Walking into their home for the first time, it was a sight that will stay with me forever, and I’d suggest that is a good thing. It serves as constant reminder of why I do what I do. The entire house was 7 metres by 6 metres. The timber boards that served as the walls had gaps that you could pass your hand through and the house‑as are all those in the slums‑are built on reclaimed land of the port authority of Bangkok. This is fine until it rains, which it does often, causing the water levels to rise and the homes to flood.

Make a change

When I led a team into the slums last year, we changed things for Mr and Mrs Bai. In a ridiculously short period of time we relocated the family into a temporary home, emptied the house of their possessions and demolish the home. All of this took a couple of hours and by lunch time the local builders that we’d contracted were sinking concrete posts into the ground to create the foundations for their new home. Forty-three days after meeting Mr Bai, he moved into a new home, which couldn’t have been more different than where he’d lived for the previous 30 years.

When I walk through the slums I’m reminded of the remarkable strength shown by those who live there and how bringing teams to help in the slum help to build team resilience. The stories I hear, the sights I see and the people I meet … they stay with me long after I leave the slums and long after I return to the comfort and affluence that many of us share living in Australia.

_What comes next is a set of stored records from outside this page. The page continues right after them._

(* Let $\mu$ be a Borel measure on $\mathbb R$ with $\mu(\mathbb R)=1$, and let $f$ be Lipschitz continuous with $f(0)=f(\alpha)=f(1)=0$, $f<0$ on $(0,\alpha)$, $f>0$ on $(\alpha,1)$ for some $\alpha\in(0,1)$. Let $\hat f$ be a Lipschitz continuous function on $\mathbb R$ with $\hat f>0$ on $(-\infty,0)$, $\hat f=f$ on $[0,1]$, $\hat f<0$ on $(1,+\infty)$. Let $\rho\in C^1(\mathbb R)$ satisfy $\rho=0$ on $(-\infty,0]$, $\rho=1$ on $[1,+\infty)$ and $\rho'>0$ on $(0,1)$. Then for every sufficiently small constant $\varepsilon>0$, the function $\underline u(t,x):=\rho(\varepsilon x-\frac{t}{\varepsilon})-\frac{1-\alpha}{4}$ is a sub-solution and the function $\overline u(t,x):=\rho(\varepsilon x+\frac{t}{\varepsilon}+1)+\frac{\alpha}{4}$ is a super-solution of \[u_t=\mu*u-u+\hat f(u).\]
   Context: $(\mu*u)(x)=\int_{y\in\mathbb R}u(x-y)\,d\mu(y)$. A sub-solution (resp. super-solution) is a function $u(t,x)$ satisfying $u_t\le\mu*u-u+\hat f(u)$ (resp. $u_t\ge\mu*u-u+\hat f(u)$) for all $t,x\in\mathbb R$. *)

theory Defs
  imports "HOL-Probability.Probability"
begin

definition conv :: "real measure \<Rightarrow> (real \<Rightarrow> real) \<Rightarrow> real \<Rightarrow> real" where
  "conv \<mu> v x = (\<integral>y. v (x - y) \<partial>\<mu>)"

definition subsolution :: "real measure \<Rightarrow> (real \<Rightarrow> real) \<Rightarrow> (real \<Rightarrow> real \<Rightarrow> real) \<Rightarrow> bool" where
  "subsolution \<mu> g u \<longleftrightarrow> (\<forall>t x.
     (\<lambda>s. u s x) differentiable (at t) \<and>
     integrable \<mu> (\<lambda>y. u t (x - y)) \<and>
     deriv (\<lambda>s. u s x) t \<le> conv \<mu> (u t) x - u t x + g (u t x))"

definition supersolution :: "real measure \<Rightarrow> (real \<Rightarrow> real) \<Rightarrow> (real \<Rightarrow> real \<Rightarrow> real) \<Rightarrow> bool" where
  "supersolution \<mu> g u \<longleftrightarrow> (\<forall>t x.
     (\<lambda>s. u s x) differentiable (at t) \<and>
     integrable \<mu> (\<lambda>y. u t (x - y)) \<and>
     deriv (\<lambda>s. u s x) t \<ge> conv \<mu> (u t) x - u t x + g (u t x))"

end

theory Submission
  imports Defs
begin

The teams that I take into the slums to support families like Mr Bai are not builders and we’re not confused by our abilities and ambitions. We fund the building of the new home and employ local builders who know the land and benefit from the employment community. What we from our time in the slums are lessons in life around resilience, tolerance, compassion and humility. Lessons that confront you there and then and others that bubble to the surface long after you’ve left.